The economist William Baumol is usually credited with the concept, often called Baumol’s Cost Disease or the Baumol Effect. He and a co-author wrote, “The output per man-hour of the violinist playing a Schubert quartet in a standard concert hall is relatively fixed, and it is fairly difficult to reduce the number of actors necessary for a performance of Henry IV, Part I.” In contrast, productivity in agriculture and manufacturing has hugely increased over many years. Wages tend to rise at the same pace as output per worker across the entire economy. Sectors with no or small productivity gains see rising labor costs without improvement in output per hour worked. Thus, Baumol argued, activities such as performing arts and teaching will become increasingly expensive.
Baumol’s insight was based on valid observations—but of the past. There is nothing inherent in manufacturing and services that make productivity gains different in one sector relative to the other. It seems to be an historical artifact of the technological progress of the time, not an immutable law of economics or technology.
Since Baumol’s work on the subject, retail trade productivity has increased substantially. He noted, back in the 1960s, that despite the development of supermarkets and better packaging, further gains in retailing productivity were unlikely. But today barcode scanners have eliminated the need to tag each product and for cashiers—when they are even used—to key in prices. Behind the scenes better inventory management has reduced unproductive effort and spoiled produce.
Scanning across different sectors of the economy, as McKinsey analysts have done, shows many service sectors doing well. The overall economy’s growth rate averages about one percent per year. But the sector “Arts, Entertainment and Recreation” surpassed the average gains in output per hour worked.
Consider Baumol’s comment about the Schubert concert. The violinist cannot play faster, but what about the marketing staff? Can tickets be sold more productively than through a person sitting in a booth? Can the sound and lighting be handled by a smaller staff than in years past?
Artificial intelligence can step in where people are performing intellectual tasks. Take education as an example. We often think of it as a teacher lecturing to a class, but consider all of the elements. The curriculum is developed, lesson plans are created, class progress is guessed, lesson plans are adjusted, students are evaluated. AI can help at each of those steps. Maybe a good AI tool can look at a group of students before the school year starts and adjust the standardized lesson plan for them. Maybe the AI can monitor each student’s learning day by day, then adjust future days’ lessons for the class. Maybe the AI can send a student computer-based lessons, games and quizzes that closely match that particular student’s needs and abilities. Maybe it can direct the teacher on group activities that will enhance the students’ learning. Perhaps one teacher can handle 40 or 50 or more students, with better results and less stress. I don’t know if this can happen, but it’s a vision that schools should attempt.

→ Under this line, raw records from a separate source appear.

(* Let $G$ be a connected threshold graph of order $n\ge 4$ and size $m$ with $n-1<m<\binom{n}{2}$, with $c$ type 1 vertices, backwards zero position sequence $(b_1,\ldots,b_z)$, $F_1=\sum_{i=1}^z b_i^2$, and lazy walk counts $\mathrm{LW}_k$ as in the context. Define $(\mathrm{LW}''_k)_{k\in\mathbb{N}_0}$ by $\mathrm{LW}''_0=1$ and \[\mathrm{LW}''_k=c\,\mathrm{LW}''_{k-1}+\sum_{r=0}^{k-3}\mathrm{LW}''_r\sum_{q\in\mathbb{N}_0}\binom{k-3-r-q}{q}F_1\Big(\sum_{i=1}^z b_i\Big)^q\qquad(k\in\mathbb{N}).\] Then $\mathrm{LW}''_k\ge \mathrm{LW}_k$ for every $k\in\mathbb{N}_0$.
   Context: A threshold graph is a simple graph whose vertices can be ordered $v_1,\ldots,v_n$ so that for each $2\le i\le n$, $v_i$ is either adjacent to all of $v_1,\ldots,v_{i-1}$ (then $a_i=1$) or to none of them (then $a_i=0$); by convention $a_1=1$. Vertex $v_i$ is of type 1 if $a_i=1$ and of type 0 if $a_i=0$; $c$ and $z$ are the numbers of type 1 and type 0 vertices. The backwards zero position sequence $(b_1,\ldots,b_z)$ is defined by letting $b_i$ be the number of type 1 vertices appearing after the $i$-th type 0 vertex in the order $v_1,\ldots,v_n$. A lazy walk of length $k\in\mathbb{N}_0$ is a sequence $u_0u_1\cdots u_k$ of vertices such that for each $1\le i\le k$, $u_i=u_{i-1}$ or $u_i$ is adjacent to $u_{i-1}$. For $k\in\mathbb{N}$, $\mathrm{LW}_k$ is the number of lazy walks of length $k-1$ in $G$ whose first and last vertices are both type 1 vertices, and $\mathrm{LW}_0=1$. Binomial coefficients $\binom{a}{q}$ with integer $a$ and $q\in\mathbb{N}_0$ are taken to be $0$ whenever $a<q$. *)

theory Defs
  imports Main
begin
lemma hess_f_eq:
  assumes A: "A \<in> carrier_mat n n" and z: "z \<in> carrier_vec n" and v: "v \<in> carrier_vec n"
  shows "hess_f A \<beta> z v
    = v \<bullet> (A *\<^sub>v v) + 6 * \<beta> * (\<Sum>k<n. (z $ k)\<^sup>2 * (v $ k)\<^sup>2) - two_lambda A \<beta> z * (v \<bullet> v)"
proof -
  let ?t = "two_lambda A \<beta> z"
  have "(A + 6 * \<beta> \<cdot>\<^sub>m mat_diag n (\<lambda>k. (z $ k)\<^sup>2) - ?t \<cdot>\<^sub>m 1\<^sub>m n) *\<^sub>v v
      = A *\<^sub>v v + (6 * \<beta>) \<cdot>\<^sub>v vec n (\<lambda>k. (z $ k)\<^sup>2 * v $ k) - ?t \<cdot>\<^sub>v v"
    using A v by (simp add: minus_mult_distrib_mat_vec[of _ n n] add_mult_distrib_mat_vec[of _ n n]
        smult_mat_mult_vec[of _ n n] mat_diag_mult_vec)
  moreover have "v \<bullet> vec n (\<lambda>k. (z $ k)\<^sup>2 * v $ k) = (\<Sum>k<n. (z $ k)\<^sup>2 * (v $ k)\<^sup>2)"
    using v by (simp add: scalar_prod_eq_sum[of _ n] power2_eq_square ac_simps)
  ultimately show ?thesis
    using A z v
    by (simp add: hess_f_def scalar_prod_minus_distrib[of _ n] scalar_prod_add_distrib[of _ n])
qed

lemma hess_f_upper_bound:
  assumes A: "A \<in> carrier_mat n n" and z: "z \<in> carrier_vec n" "z \<bullet> z = 1"
    and v: "v \<in> carrier_vec n" "v \<bullet> v = 1" "v \<bullet> z = 0" and \<beta>: "0 \<le> \<beta>"
  shows "hess_f A \<beta> z v \<le> v \<bullet> (A *\<^sub>v v) - z \<bullet> (A *\<^sub>v z) + 3 * \<beta>"
proof -
  have "6 * \<beta> * (\<Sum>k<n. (z $ k)\<^sup>2 * (v $ k)\<^sup>2) \<le> 3 * \<beta>"
    using mult_left_mono[OF sum_square_mult_square_orthonormal[OF z v] \<beta>] by simp
  moreover have "0 \<le> 2 * \<beta> * (\<Sum>k<n. (z $ k) ^ 4)"
    using \<beta> by (simp add: sum_nonneg)
  ultimately show ?thesis
    using hess_f_eq[OF A z(1) v(1)] v(2) by (simp add: two_lambda_eq[OF z(1)])
qed

lemma hess_f_lower_bound:
  assumes A: "A \<in> carrier_mat n n" and z: "z \<in> carrier_vec n" "z \<bullet> z = 1"
    and v: "v \<in> carrier_vec n" "v \<bullet> v = 1" and \<beta>: "0 \<le> \<beta>"
  shows "v \<bullet> (A *\<^sub>v v) - z \<bullet> (A *\<^sub>v z) - 2 * \<beta> \<le> hess_f A \<beta> z v"
proof -
  have "0 \<le> 6 * \<beta> * (\<Sum>k<n. (z $ k)\<^sup>2 * (v $ k)\<^sup>2)"
    using \<beta> by (simp add: sum_nonneg)
  moreover have "2 * \<beta> * (\<Sum>k<n. (z $ k) ^ 4) \<le> 2 * \<beta>"
    using mult_left_mono[OF sum_vec_entry_power4_le[OF z(1)], of "2 * \<beta>"] z(2) \<beta> by simp
  ultimately show ?thesis
    using hess_f_eq[OF A z(1) v(1)] v(2) by (simp add: two_lambda_eq[OF z(1)])
qed

section \<open>Landscape near the bottom eigenvector\<close>

locale bottom_eigenpair =
  fixes n :: nat and A :: "real mat" and u :: "real vec" and L M :: real
  assumes A_carrier: "A \<in> carrier_mat n n" and A_symmetric: "A\<^sup>T = A"
    and u_carrier: "u \<in> carrier_vec n" and u_unit: "u \<bullet> u = 1"
    and u_eigen: "A *\<^sub>v u = L \<cdot>\<^sub>v u"
    and spectral_gap: "\<And>x. x \<in> carrier_vec n \<Longrightarrow> x \<bullet> u = 0 \<Longrightarrow> M * (x \<bullet> x) \<le> x \<bullet> (A *\<^sub>v x)"
    and gap_nonneg: "L \<le> M"
begin

lemma bottom_eigenpair_uminus: "bottom_eigenpair n A (- u) L M"
proof
  have "- u = (- 1) \<cdot>\<^sub>v u"
    by auto
  then show "A *\<^sub>v - u = L \<cdot>\<^sub>v - u"
    using A_carrier u_carrier u_eigen by (simp add: mult_mat_vec[of _ n n] smult_smult_assoc)
  show "M * (x \<bullet> x) \<le> x \<bullet> (A *\<^sub>v x)" if "x \<in> carrier_vec n" "x \<bullet> - u = 0" for x
    using spectral_gap that u_carrier by simp
qed (use A_carrier A_symmetric u_carrier u_unit gap_nonneg in auto)

lemma u_scalar_prod_mult:
  "x \<in> carrier_vec n \<Longrightarrow> u \<bullet> (A *\<^sub>v x) = L * (u \<bullet> x)"
  using scalar_prod_symmetric_mat[OF A_carrier A_symmetric u_carrier, of x] u_eigen u_carrier
  by (simp add: comm_scalar_prod[of _ n])

lemma quadratic_form_lower_bound:
  assumes x: "x \<in> carrier_vec n"
  shows "M * (x \<bullet> x) - (M - L) * (u \<bullet> x)\<^sup>2 \<le> x \<bullet> (A *\<^sub>v x)"
proof -
  define c where "c = u \<bullet> x"
  define y where "y = x - c \<cdot>\<^sub>v u"
  have y: "y \<in> carrier_vec n"
    using x u_carrier by (simp add: y_def)
  have xc: "x \<bullet> u = c"
    using x u_carrier by (simp add: c_def comm_scalar_prod[of _ n])
  have yu: "y \<bullet> u = 0"
    using x u_carrier u_unit xc by (simp add: y_def minus_scalar_prod_distrib[of _ n])
  have "x \<bullet> x = y \<bullet> y + c\<^sup>2"
    using x u_carrier u_unit xc
    by (simp add: y_def minus_scalar_prod_distrib[of _ n] scalar_prod_minus_distrib[of _ n]
        c_def power2_eq_square)
  moreover have "x \<bullet> (A *\<^sub>v x) = y \<bullet> (A *\<^sub>v y) + c\<^sup>2 * L"
    using x u_carrier A_carrier u_eigen u_unit xc u_scalar_prod_mult[OF x]
    by (simp add: y_def mult_minus_distrib_mat_vec[of _ n n] minus_scalar_prod_distrib[of _ n]
        scalar_prod_minus_distrib[of _ n] mult_mat_vec[of _ n n] c_def power2_eq_square
        algebra_simps)
  ultimately show ?thesis
    using spectral_gap[OF y yu] by (simp add: c_def distrib_left left_diff_distrib)
qed

lemma rayleigh_quotient_gap:
  assumes z: "z \<in> carrier_vec n" "z \<bullet> z = 1"
  shows "(M - L) * (1 - (u \<bullet> z)\<^sup>2) \<le> z \<bullet> (A *\<^sub>v z) - L"
  using quadratic_form_lower_bound[OF z(1)] z(2) by (simp add: algebra_simps)

lemma tangential_part_of_u:
  assumes z: "z \<in> carrier_vec n" "z \<bullet> z = 1"
  defines "p \<equiv> u - (u \<bullet> z) \<cdot>\<^sub>v z"
  shows "p \<in> carrier_vec n" "p \<bullet> z = 0" "p \<bullet> p = 1 - (u \<bullet> z)\<^sup>2"
    "p \<bullet> (A *\<^sub>v p) = L * (1 - (u \<bullet> z)\<^sup>2) + (u \<bullet> z)\<^sup>2 * (z \<bullet> (A *\<^sub>v z) - L)"
proof -
  have zu: "z \<bullet> u = u \<bullet> z"
    using z u_carrier by (simp add: comm_scalar_prod[of _ n])
  show "p \<in> carrier_vec n"
    using u_carrier z by (simp add: p_def)
  show "p \<bullet> z = 0"
    using u_carrier z by (simp add: p_def minus_scalar_prod_distrib[of _ n])
  show "p \<bullet> p = 1 - (u \<bullet> z)\<^sup>2"
    using u_carrier z u_unit zu
    by (simp add: p_def minus_scalar_prod_distrib[of _ n] scalar_prod_minus_distrib[of _ n]
        power2_eq_square)
  show "p \<bullet> (A *\<^sub>v p) = L * (1 - (u \<bullet> z)\<^sup>2) + (u \<bullet> z)\<^sup>2 * (z \<bullet> (A *\<^sub>v z) - L)"
    using u_carrier z A_carrier u_eigen u_unit zu u_scalar_prod_mult[OF z(1)]
    by (simp add: p_def mult_minus_distrib_mat_vec[of _ n n] minus_scalar_prod_distrib[of _ n]
        scalar_prod_minus_distrib[of _ n] mult_mat_vec[of _ n n] power2_eq_square algebra_simps)
qed
lemma Fc_mono:
  fixes m :: "'a::second_countable_topology \<Rightarrow> 'a \<Rightarrow> real"
  assumes ne: "\<And>t x y. 0 \<le> t \<Longrightarrow> couplings (P t x) (P t y) \<noteq> {}"
    and c: "0 < c" "c \<le> 1" and m: "m \<in> lsc_pseudometrics"
    and d0: "\<And>x y. 0 \<le> d x y" and dm: "\<And>x y. d x y \<le> m x y"
  shows "0 \<le> Fc P c d x y \<and> Fc P c d x y \<le> Fc P c m x y"
proof -
  let ?f = "\<lambda>t. c powr t * W d (P t x) (P t y)"
  let ?g = "\<lambda>t. c powr t * W m (P t x) (P t y)"
  have terms: "0 \<le> ?f t \<and> ?f t \<le> ?g t \<and> ?g t \<le> 1" if t: "t \<in> {0..}" for t
  proof -
    have "0 \<le> W d (P t x) (P t y)" "W d (P t x) (P t y) \<le> W m (P t x) (P t y)"
      "W m (P t x) (P t y) \<le> 1" "0 < c powr t" "c powr t \<le> 1"
      using t ne W_nonneg[where d=d] W_mono[OF _ m d0 dm] W_le_1[OF _ m] d0 c
      by (auto simp: powr_le1)
    then show ?thesis by (auto intro: mult_left_mono mult_le_one)
  qed
  have bdd_f: "bdd_above (?f ` {0..})" and bdd_g: "bdd_above (?g ` {0..})"
    using terms by (auto intro!: bdd_aboveI[where M=1] dest: order_trans)
  have "0 \<le> ?f 0" using terms[of 0] by simp
  also have "\<dots> \<le> Fc P c d x y" unfolding Fc_def by (rule cSUP_upper[OF _ bdd_f]) simp
  finally have "0 \<le> Fc P c d x y" .
  moreover have "Fc P c d x y \<le> Fc P c m x y"
    unfolding Fc_def using terms by (intro cSUP_mono[OF _ bdd_g]) auto
  ultimately show ?thesis ..
qed

theorem mainTheorem5:
  fixes \<Delta> :: "'a::{second_countable_topology, t2_space} \<Rightarrow> 'a \<Rightarrow> real"
    and P :: "real \<Rightarrow> 'a \<Rightarrow> 'a measure"
    and obs :: "'a \<Rightarrow> real"
    and c :: real
    and m :: "'a \<Rightarrow> 'a \<Rightarrow> real"
  assumes metric: "bounded_generating_metric \<Delta>"
    and loc_compact: "locally_compact_space (euclidean :: 'a topology)"
    and kernels: "feller_dynkin_kernels P"
    and weak_cont: "weakly_continuous_kernels P"
    and obs_cont: "continuous_on UNIV obs"
    and obs_range: "\<forall>x. 0 \<le> obs x \<and> obs x \<le> 1"
    and c_pos: "0 < c" and c_lt1: "c < 1"
    and m_P: "m \<in> lsc_pseudometrics"
    and m_fix: "Fc P c m = m"
    and m_obs: "\<forall>x y. \<bar>obs x - obs y\<bar> \<le> m x y"
  shows "\<forall>x y. delta_bar P obs c x y \<le> m x y"
proof -
  have couplings_ne: "\<And>t x y. 0 \<le> t \<Longrightarrow> couplings (P t x) (P t y) \<noteq> {}"
    using feller_dynkin_couplings_nonempty[OF kernels] .
  have delta_le_m: "\<forall>x y. 0 \<le> delta P obs c n x y \<and> delta P obs c n x y \<le> m x y" for n
  proof (induction n)
    case 0
    then show ?case using m_obs by simp
  next
    case (Suc n)
    then have "0 \<le> Fc P c (delta P obs c n) x y \<and> Fc P c (delta P obs c n) x y \<le> Fc P c m x y"
      for x y
      using c_lt1 by (intro Fc_mono[where P=P, OF couplings_ne c_pos _ m_P]) auto
    then show ?case using m_fix by simp
  qed
  then show ?thesis
    unfolding delta_bar_def by (auto intro!: cSUP_least)
qed

end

Some of the slow growth sectors are less competitive. A recent commentary applied Baumol’s idea to the latest British budget, explaining that there just isn’t much room for productivity growth in education or health care. One must ask how much these sectors have tried to improve productivity. Manufacturing companies can improve their profits by increasing productivity. If one firm lags behind their competitors in profitability, management will be replaced. The farmer who eschews improved techniques will earn a low return, so that land purchase offers by highly productive operators become very attractive.
In education, however, no principal tries to do a better job with fewer teachers. There’s no reward for it. In fact, administrators' compensation is more closely tied to the number of the people they supervise than the effectiveness of the schools.
The cure for Baumol’s cost disease will be application of all tools, including AI, to all challenges across the economy. The school principal and hospital administrator should be as diligent about finding productivity enhancements as the factory manager or farmer. In the public sector, that means political pressure on administrative leaders to find ways to do more with less, using whatever technology works best.